• [WHAT YOU NEED TO DO]:
When the line containing "0 < \<zeta>" is reached, include it and end there; set down verbatim every line before it, starting at the top of the records.

• [DATA FOR REVIEW]:
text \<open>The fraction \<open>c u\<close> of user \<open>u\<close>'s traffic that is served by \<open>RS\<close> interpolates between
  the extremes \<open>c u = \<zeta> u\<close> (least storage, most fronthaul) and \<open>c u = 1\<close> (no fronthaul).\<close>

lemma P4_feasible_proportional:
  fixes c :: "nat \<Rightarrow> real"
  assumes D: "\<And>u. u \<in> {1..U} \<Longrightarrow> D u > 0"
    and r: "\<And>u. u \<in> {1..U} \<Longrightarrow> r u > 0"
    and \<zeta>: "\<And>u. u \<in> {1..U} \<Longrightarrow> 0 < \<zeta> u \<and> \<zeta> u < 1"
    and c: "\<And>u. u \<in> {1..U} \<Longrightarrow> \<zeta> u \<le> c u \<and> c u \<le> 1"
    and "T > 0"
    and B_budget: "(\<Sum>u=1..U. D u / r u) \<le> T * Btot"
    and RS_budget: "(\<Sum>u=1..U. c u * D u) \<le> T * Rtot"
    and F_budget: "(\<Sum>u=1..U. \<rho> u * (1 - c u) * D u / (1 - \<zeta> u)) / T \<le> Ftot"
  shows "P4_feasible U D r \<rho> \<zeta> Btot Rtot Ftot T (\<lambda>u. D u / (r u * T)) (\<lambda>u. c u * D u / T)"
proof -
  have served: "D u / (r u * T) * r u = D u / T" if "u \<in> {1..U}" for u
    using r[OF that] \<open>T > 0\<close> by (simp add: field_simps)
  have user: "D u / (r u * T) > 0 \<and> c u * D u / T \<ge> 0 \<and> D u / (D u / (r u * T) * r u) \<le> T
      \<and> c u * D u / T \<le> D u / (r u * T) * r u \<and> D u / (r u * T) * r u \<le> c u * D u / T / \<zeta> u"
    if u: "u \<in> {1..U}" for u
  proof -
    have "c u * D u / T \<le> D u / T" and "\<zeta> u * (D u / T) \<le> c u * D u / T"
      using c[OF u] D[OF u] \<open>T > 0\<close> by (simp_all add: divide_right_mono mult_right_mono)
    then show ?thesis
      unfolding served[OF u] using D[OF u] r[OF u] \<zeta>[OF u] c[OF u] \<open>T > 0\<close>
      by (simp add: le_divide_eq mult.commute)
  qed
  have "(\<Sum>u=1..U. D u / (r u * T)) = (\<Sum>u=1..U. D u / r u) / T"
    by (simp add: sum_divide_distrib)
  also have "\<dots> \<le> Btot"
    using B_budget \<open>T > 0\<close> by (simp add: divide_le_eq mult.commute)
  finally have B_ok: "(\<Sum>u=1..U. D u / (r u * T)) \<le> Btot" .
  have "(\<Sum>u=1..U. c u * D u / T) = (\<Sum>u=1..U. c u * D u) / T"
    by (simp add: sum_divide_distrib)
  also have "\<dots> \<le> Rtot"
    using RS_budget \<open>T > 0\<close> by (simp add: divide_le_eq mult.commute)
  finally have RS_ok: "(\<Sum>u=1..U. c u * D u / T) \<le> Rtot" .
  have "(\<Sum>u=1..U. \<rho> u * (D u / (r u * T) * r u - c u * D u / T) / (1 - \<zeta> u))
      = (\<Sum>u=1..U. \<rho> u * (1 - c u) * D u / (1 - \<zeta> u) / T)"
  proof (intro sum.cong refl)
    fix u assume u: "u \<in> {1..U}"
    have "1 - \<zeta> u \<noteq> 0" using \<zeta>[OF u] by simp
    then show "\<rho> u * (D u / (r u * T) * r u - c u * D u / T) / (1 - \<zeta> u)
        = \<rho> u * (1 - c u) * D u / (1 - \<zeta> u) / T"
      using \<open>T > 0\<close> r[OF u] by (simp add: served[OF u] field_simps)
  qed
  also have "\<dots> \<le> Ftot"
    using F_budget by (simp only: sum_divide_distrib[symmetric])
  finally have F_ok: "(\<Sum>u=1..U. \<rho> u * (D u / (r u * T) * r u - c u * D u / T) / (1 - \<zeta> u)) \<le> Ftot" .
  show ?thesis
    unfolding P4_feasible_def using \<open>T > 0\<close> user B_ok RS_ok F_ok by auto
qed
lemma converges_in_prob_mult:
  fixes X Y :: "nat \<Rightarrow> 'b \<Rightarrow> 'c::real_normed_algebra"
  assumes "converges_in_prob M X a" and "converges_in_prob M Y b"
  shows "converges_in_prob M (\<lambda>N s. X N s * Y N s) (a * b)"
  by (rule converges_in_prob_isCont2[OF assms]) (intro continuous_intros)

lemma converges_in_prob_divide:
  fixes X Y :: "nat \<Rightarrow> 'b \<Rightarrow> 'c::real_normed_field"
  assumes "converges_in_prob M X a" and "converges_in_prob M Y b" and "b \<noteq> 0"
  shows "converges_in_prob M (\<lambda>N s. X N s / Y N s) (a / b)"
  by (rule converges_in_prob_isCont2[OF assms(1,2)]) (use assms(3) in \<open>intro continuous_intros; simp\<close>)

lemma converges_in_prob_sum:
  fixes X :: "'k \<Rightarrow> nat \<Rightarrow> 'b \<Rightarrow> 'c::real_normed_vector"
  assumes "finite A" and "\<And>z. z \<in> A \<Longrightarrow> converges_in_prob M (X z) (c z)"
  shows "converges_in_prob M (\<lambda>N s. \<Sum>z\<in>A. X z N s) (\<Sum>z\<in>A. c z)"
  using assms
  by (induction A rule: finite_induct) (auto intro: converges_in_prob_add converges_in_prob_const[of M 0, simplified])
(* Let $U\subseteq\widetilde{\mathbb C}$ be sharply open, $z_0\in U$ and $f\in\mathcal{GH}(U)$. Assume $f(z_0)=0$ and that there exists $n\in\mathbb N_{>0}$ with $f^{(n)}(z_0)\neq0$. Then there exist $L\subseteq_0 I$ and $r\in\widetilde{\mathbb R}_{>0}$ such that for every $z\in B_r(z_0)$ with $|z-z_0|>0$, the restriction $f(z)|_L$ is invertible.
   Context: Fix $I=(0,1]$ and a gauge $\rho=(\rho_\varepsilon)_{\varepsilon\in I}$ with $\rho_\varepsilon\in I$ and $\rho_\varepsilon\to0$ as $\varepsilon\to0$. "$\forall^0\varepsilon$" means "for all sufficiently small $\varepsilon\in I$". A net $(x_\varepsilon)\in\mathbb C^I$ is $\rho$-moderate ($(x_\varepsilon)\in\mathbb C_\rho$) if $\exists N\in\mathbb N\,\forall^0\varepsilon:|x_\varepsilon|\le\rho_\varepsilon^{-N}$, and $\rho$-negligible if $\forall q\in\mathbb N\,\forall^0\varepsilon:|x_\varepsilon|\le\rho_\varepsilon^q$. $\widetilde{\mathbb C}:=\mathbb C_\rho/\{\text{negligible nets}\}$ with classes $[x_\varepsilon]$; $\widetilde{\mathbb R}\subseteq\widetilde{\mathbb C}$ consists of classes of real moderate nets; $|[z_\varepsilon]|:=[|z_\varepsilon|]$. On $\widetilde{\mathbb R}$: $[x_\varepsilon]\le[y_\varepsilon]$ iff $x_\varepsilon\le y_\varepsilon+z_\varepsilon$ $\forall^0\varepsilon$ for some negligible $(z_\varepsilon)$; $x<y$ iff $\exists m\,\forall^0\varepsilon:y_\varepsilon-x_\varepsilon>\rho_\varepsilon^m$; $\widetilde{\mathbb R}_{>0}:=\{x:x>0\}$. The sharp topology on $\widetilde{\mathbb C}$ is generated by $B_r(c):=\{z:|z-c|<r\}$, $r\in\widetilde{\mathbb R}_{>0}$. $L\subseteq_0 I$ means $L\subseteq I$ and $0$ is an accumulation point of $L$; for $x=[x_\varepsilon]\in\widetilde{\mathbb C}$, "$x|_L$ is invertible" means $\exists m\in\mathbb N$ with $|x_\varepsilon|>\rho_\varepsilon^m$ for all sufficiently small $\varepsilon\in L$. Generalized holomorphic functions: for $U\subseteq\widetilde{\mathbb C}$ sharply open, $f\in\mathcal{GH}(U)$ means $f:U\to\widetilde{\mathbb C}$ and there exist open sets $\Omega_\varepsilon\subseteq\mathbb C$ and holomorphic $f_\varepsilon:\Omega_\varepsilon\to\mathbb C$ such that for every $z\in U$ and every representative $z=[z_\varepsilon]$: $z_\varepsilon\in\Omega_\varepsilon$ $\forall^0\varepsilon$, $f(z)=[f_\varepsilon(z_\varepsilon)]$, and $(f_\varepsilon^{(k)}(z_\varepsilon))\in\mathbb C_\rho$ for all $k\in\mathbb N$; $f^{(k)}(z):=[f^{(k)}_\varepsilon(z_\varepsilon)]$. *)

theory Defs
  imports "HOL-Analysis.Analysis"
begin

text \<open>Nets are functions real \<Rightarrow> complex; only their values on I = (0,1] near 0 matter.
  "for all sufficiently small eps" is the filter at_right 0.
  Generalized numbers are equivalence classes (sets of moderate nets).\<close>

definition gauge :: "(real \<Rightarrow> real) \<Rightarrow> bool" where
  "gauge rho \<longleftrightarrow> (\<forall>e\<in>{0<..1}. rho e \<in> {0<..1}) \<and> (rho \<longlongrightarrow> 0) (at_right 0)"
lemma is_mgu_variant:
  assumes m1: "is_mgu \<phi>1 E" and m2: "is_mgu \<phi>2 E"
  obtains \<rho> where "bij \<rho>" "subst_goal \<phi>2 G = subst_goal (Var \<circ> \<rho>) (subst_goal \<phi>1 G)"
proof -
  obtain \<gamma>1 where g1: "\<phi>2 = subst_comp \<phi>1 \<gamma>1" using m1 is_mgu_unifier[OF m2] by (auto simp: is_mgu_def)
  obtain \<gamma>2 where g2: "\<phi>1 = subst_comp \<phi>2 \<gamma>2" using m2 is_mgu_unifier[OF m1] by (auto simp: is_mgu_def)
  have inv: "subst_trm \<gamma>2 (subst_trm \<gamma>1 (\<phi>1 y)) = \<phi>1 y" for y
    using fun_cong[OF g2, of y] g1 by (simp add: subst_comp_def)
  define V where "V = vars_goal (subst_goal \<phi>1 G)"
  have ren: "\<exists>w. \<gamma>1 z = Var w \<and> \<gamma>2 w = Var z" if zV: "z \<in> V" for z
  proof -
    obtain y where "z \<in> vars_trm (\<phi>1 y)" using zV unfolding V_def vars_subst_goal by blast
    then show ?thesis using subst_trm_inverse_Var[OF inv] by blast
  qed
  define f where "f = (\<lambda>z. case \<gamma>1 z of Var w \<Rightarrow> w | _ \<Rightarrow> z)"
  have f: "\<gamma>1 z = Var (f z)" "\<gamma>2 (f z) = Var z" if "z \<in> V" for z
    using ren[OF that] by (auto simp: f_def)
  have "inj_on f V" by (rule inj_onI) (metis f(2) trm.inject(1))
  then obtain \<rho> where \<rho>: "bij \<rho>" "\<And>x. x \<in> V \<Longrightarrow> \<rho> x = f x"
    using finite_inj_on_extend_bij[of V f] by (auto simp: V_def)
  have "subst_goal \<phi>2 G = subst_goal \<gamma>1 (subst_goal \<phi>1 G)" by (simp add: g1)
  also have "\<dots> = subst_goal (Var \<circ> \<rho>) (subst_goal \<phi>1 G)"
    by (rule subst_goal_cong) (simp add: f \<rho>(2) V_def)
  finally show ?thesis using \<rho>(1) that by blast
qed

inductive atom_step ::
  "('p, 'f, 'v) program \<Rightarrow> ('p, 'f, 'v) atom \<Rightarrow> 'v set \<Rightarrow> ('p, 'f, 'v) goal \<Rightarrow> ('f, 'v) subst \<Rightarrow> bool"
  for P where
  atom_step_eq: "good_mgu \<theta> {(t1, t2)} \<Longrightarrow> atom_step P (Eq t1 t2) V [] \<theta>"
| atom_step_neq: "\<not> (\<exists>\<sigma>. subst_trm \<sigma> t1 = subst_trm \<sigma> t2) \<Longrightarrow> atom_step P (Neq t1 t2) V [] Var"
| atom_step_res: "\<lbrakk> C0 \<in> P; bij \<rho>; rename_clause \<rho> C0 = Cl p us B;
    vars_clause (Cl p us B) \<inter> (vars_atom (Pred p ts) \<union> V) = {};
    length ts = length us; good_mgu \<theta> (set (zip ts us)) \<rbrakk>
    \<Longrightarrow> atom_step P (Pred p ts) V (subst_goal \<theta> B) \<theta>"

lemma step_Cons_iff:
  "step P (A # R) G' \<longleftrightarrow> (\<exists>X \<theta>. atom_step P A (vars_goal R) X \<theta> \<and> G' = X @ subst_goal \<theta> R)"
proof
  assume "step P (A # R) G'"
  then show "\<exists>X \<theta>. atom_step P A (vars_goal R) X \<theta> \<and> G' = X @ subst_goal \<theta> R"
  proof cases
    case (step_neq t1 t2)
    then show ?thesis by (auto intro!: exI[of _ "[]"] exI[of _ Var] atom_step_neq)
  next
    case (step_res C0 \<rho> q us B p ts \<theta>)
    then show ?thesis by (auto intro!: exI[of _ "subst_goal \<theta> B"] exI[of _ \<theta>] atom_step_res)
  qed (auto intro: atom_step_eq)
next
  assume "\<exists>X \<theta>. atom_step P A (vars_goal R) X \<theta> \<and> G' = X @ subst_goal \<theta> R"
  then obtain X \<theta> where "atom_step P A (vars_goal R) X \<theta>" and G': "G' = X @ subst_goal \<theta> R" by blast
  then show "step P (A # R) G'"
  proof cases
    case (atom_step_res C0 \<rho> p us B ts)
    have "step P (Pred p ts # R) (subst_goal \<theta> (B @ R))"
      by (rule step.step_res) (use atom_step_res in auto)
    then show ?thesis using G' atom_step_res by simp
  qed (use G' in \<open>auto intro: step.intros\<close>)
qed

• [SOLUTION]:
text \<open>The fraction \<open>c u\<close> of user \<open>u\<close>'s traffic that is served by \<open>RS\<close> interpolates between
  the extremes \<open>c u = \<zeta> u\<close> (least storage, most fronthaul) and \<open>c u = 1\<close> (no fronthaul).\<close>

lemma P4_feasible_proportional:
  fixes c :: "nat \<Rightarrow> real"
  assumes D: "\<And>u. u \<in> {1..U} \<Longrightarrow> D u > 0"
    and r: "\<And>u. u \<in> {1..U} \<Longrightarrow> r u > 0"
    and \<zeta>: "\<And>u. u \<in> {1..U} \<Longrightarrow> 0 < \<zeta> u \<and> \<zeta> u < 1"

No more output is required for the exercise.